■ **AIM OF THE EXERCISE**:
In how many lines of the data does the word "where" appear? Give the number by itself.

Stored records
******************************

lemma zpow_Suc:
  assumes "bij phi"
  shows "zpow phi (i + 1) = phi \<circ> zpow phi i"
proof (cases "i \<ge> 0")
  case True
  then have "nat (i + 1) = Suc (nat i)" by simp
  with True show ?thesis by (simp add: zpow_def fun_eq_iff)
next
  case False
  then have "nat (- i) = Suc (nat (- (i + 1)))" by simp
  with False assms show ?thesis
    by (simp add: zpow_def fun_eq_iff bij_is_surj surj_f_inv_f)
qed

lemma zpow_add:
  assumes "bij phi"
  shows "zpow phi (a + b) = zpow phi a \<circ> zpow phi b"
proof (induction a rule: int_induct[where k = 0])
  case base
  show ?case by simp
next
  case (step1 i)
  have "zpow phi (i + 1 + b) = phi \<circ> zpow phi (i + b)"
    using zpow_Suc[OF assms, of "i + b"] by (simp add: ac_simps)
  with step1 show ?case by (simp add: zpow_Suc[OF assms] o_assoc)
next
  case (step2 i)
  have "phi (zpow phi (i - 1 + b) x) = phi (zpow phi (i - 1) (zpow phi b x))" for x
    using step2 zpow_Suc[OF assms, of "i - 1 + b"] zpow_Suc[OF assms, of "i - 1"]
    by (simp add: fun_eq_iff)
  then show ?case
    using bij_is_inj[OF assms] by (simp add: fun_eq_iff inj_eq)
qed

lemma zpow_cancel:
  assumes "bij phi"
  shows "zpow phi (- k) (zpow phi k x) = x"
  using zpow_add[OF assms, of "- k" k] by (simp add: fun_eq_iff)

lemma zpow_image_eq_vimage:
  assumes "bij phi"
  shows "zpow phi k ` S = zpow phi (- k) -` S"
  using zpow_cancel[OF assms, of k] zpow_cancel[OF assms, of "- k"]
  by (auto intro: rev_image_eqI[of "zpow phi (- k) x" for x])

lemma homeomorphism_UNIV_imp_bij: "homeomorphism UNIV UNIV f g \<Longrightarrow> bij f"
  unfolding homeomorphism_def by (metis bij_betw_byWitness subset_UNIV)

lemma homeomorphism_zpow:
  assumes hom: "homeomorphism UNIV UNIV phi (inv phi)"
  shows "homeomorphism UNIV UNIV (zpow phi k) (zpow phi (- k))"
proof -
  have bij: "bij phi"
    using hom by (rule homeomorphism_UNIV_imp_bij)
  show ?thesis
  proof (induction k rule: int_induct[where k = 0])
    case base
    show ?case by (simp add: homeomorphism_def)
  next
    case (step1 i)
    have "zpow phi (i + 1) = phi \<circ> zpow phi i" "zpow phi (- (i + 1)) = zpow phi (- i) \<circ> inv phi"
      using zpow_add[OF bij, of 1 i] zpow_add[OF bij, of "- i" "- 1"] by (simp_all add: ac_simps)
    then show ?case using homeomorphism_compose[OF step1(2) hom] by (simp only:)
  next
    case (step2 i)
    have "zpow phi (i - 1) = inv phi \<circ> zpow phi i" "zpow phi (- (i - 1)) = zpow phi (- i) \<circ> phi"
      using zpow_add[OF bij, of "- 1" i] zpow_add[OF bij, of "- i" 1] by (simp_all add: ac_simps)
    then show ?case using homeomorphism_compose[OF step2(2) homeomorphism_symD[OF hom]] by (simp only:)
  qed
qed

******************************

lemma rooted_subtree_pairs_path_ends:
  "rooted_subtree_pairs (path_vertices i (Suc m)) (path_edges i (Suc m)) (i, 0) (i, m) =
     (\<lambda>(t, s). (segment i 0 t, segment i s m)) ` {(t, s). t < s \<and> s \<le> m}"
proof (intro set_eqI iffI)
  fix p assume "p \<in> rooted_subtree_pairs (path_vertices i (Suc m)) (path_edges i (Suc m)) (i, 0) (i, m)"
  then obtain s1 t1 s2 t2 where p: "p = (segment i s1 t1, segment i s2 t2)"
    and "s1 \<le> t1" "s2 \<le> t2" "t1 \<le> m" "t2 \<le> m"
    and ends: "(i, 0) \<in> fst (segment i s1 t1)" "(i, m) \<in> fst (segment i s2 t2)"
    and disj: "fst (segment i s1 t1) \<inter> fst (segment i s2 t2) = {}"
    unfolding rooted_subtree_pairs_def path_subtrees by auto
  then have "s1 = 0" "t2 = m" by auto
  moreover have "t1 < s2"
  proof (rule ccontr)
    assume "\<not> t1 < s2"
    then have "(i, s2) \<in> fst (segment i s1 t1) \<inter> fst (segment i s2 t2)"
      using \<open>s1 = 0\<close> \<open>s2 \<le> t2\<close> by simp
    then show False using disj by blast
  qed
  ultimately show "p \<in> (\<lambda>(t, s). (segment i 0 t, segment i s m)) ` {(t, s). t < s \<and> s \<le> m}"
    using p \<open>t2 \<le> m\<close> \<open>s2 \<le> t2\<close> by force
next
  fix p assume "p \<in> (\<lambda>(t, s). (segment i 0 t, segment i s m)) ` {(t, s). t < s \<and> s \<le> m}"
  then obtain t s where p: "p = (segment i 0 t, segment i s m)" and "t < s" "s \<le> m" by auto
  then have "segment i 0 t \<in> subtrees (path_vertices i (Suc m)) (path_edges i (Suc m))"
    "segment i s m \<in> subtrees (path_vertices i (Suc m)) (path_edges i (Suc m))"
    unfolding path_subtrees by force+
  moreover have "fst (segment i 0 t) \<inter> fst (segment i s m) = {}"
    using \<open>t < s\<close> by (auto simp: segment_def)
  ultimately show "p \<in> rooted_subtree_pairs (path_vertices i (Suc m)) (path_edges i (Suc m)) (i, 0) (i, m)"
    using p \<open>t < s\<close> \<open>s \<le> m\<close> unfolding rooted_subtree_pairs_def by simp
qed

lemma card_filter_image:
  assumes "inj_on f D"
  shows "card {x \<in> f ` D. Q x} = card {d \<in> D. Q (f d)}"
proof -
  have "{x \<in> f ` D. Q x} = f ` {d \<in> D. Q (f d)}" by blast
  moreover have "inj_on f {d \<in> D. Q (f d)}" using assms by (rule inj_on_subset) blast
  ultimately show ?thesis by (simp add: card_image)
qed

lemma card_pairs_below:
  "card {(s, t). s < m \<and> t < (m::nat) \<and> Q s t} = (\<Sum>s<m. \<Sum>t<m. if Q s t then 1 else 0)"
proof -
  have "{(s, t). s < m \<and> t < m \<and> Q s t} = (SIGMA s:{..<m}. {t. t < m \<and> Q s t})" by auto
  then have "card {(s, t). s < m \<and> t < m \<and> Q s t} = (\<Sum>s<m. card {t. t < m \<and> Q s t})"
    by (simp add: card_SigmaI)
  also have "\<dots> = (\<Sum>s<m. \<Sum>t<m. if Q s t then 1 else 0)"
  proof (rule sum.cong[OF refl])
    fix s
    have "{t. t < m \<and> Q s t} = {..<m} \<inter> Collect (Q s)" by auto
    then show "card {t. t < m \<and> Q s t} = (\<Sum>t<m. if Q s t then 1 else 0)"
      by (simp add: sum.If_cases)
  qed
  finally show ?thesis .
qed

******************************

■ **SOLUTION FOR THIS PROBLEM**:
4